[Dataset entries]
%%

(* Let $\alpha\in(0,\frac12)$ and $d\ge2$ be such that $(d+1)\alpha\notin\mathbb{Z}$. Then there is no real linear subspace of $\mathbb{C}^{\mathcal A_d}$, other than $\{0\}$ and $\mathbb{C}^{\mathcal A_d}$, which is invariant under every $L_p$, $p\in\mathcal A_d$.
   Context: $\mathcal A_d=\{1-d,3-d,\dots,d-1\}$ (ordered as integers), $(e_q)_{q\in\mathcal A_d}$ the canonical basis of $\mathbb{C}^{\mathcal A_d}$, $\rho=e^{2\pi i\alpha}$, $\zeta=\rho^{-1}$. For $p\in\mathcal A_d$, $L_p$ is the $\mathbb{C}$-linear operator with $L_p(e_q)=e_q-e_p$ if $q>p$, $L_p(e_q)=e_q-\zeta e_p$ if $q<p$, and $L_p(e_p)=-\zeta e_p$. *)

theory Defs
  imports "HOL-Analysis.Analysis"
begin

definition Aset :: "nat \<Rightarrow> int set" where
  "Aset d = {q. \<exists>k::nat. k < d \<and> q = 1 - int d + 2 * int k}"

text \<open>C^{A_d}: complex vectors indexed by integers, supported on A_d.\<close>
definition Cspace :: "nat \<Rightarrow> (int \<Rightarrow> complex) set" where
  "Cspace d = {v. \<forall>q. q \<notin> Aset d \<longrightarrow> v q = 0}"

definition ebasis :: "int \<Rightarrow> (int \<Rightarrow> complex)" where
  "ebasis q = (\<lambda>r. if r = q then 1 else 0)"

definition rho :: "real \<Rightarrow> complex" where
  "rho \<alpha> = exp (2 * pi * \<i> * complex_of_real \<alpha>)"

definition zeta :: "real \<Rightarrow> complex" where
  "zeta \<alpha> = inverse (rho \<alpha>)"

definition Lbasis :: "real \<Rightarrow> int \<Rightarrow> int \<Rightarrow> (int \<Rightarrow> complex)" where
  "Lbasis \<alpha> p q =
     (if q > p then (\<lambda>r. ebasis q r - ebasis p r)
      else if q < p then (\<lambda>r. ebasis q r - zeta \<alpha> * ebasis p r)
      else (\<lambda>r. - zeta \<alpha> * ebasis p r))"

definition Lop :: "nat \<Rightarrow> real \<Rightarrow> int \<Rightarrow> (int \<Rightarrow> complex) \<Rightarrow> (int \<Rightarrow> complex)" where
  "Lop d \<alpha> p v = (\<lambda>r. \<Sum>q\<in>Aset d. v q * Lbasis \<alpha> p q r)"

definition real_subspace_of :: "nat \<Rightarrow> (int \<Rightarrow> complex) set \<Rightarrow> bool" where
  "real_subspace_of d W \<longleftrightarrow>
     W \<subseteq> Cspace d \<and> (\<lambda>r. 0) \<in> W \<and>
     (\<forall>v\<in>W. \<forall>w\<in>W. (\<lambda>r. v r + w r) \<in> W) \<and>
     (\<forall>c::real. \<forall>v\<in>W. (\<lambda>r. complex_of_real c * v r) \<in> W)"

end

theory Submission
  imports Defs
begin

%%
%%

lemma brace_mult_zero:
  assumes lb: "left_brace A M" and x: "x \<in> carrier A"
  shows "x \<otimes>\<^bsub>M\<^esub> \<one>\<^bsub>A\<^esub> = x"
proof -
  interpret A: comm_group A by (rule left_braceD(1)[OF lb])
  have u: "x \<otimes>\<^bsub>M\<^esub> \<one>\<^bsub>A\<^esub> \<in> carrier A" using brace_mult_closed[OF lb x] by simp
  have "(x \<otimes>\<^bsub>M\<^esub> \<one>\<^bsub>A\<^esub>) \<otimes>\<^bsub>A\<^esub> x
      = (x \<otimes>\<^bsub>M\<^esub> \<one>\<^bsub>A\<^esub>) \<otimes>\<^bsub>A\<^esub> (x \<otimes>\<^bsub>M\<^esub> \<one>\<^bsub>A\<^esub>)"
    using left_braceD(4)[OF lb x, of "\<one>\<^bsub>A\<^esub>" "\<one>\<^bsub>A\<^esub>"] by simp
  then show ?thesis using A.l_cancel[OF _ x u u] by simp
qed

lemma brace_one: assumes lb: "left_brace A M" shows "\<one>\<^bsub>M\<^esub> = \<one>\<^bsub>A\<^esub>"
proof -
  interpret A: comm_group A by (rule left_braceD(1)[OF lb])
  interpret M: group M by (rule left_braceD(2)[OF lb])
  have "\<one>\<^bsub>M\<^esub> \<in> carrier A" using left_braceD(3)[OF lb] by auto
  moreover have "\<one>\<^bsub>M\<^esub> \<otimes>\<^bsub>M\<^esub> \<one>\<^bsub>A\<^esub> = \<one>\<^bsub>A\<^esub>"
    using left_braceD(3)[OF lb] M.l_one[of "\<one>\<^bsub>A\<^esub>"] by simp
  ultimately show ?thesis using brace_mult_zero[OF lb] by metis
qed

%%
%%

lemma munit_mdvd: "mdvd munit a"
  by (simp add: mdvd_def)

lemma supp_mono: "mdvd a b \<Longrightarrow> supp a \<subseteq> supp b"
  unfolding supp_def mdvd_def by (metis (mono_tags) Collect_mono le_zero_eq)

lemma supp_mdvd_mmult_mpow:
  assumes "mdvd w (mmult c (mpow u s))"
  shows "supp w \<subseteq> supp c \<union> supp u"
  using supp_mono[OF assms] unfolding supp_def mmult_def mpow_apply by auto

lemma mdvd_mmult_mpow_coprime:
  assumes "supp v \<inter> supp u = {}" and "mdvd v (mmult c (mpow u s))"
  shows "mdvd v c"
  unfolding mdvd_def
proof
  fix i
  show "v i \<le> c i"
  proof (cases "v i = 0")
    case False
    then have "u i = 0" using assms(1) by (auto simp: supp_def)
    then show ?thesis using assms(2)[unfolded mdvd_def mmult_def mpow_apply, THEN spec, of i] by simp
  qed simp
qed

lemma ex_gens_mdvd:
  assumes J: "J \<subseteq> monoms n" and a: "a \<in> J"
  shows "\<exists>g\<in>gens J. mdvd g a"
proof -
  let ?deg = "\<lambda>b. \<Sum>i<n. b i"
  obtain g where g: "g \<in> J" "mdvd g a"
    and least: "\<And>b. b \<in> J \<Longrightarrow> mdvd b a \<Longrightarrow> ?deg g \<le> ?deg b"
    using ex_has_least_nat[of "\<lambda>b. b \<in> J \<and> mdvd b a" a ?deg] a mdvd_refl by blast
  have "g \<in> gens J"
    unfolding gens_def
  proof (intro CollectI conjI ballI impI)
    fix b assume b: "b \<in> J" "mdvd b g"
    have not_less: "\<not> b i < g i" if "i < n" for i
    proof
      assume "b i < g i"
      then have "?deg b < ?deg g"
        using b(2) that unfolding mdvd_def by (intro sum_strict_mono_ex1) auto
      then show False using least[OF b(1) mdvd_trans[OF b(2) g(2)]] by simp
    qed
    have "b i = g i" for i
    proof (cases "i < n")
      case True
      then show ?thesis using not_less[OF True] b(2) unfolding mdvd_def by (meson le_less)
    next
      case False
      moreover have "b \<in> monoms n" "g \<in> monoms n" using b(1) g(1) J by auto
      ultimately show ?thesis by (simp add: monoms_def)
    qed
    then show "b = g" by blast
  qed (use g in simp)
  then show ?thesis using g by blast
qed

%%

Your instructions: From the records above, repeat exactly the lines from the one with "(* Let $\alpha\in(0,\frac12)$" through the one with "else (\<lambda>r. - zeta", both included.

Reply:
(* Let $\alpha\in(0,\frac12)$ and $d\ge2$ be such that $(d+1)\alpha\notin\mathbb{Z}$. Then there is no real linear subspace of $\mathbb{C}^{\mathcal A_d}$, other than $\{0\}$ and $\mathbb{C}^{\mathcal A_d}$, which is invariant under every $L_p$, $p\in\mathcal A_d$.
   Context: $\mathcal A_d=\{1-d,3-d,\dots,d-1\}$ (ordered as integers), $(e_q)_{q\in\mathcal A_d}$ the canonical basis of $\mathbb{C}^{\mathcal A_d}$, $\rho=e^{2\pi i\alpha}$, $\zeta=\rho^{-1}$. For $p\in\mathcal A_d$, $L_p$ is the $\mathbb{C}$-linear operator with $L_p(e_q)=e_q-e_p$ if $q>p$, $L_p(e_q)=e_q-\zeta e_p$ if $q<p$, and $L_p(e_p)=-\zeta e_p$. *)

theory Defs
  imports "HOL-Analysis.Analysis"
begin

definition Aset :: "nat \<Rightarrow> int set" where
  "Aset d = {q. \<exists>k::nat. k < d \<and> q = 1 - int d + 2 * int k}"

text \<open>C^{A_d}: complex vectors indexed by integers, supported on A_d.\<close>
definition Cspace :: "nat \<Rightarrow> (int \<Rightarrow> complex) set" where
  "Cspace d = {v. \<forall>q. q \<notin> Aset d \<longrightarrow> v q = 0}"

definition ebasis :: "int \<Rightarrow> (int \<Rightarrow> complex)" where
  "ebasis q = (\<lambda>r. if r = q then 1 else 0)"

definition rho :: "real \<Rightarrow> complex" where
  "rho \<alpha> = exp (2 * pi * \<i> * complex_of_real \<alpha>)"

definition zeta :: "real \<Rightarrow> complex" where
  "zeta \<alpha> = inverse (rho \<alpha>)"

definition Lbasis :: "real \<Rightarrow> int \<Rightarrow> int \<Rightarrow> (int \<Rightarrow> complex)" where
  "Lbasis \<alpha> p q =
     (if q > p then (\<lambda>r. ebasis q r - ebasis p r)
      else if q < p then (\<lambda>r. ebasis q r - zeta \<alpha> * ebasis p r)
      else (\<lambda>r. - zeta \<alpha> * ebasis p r))"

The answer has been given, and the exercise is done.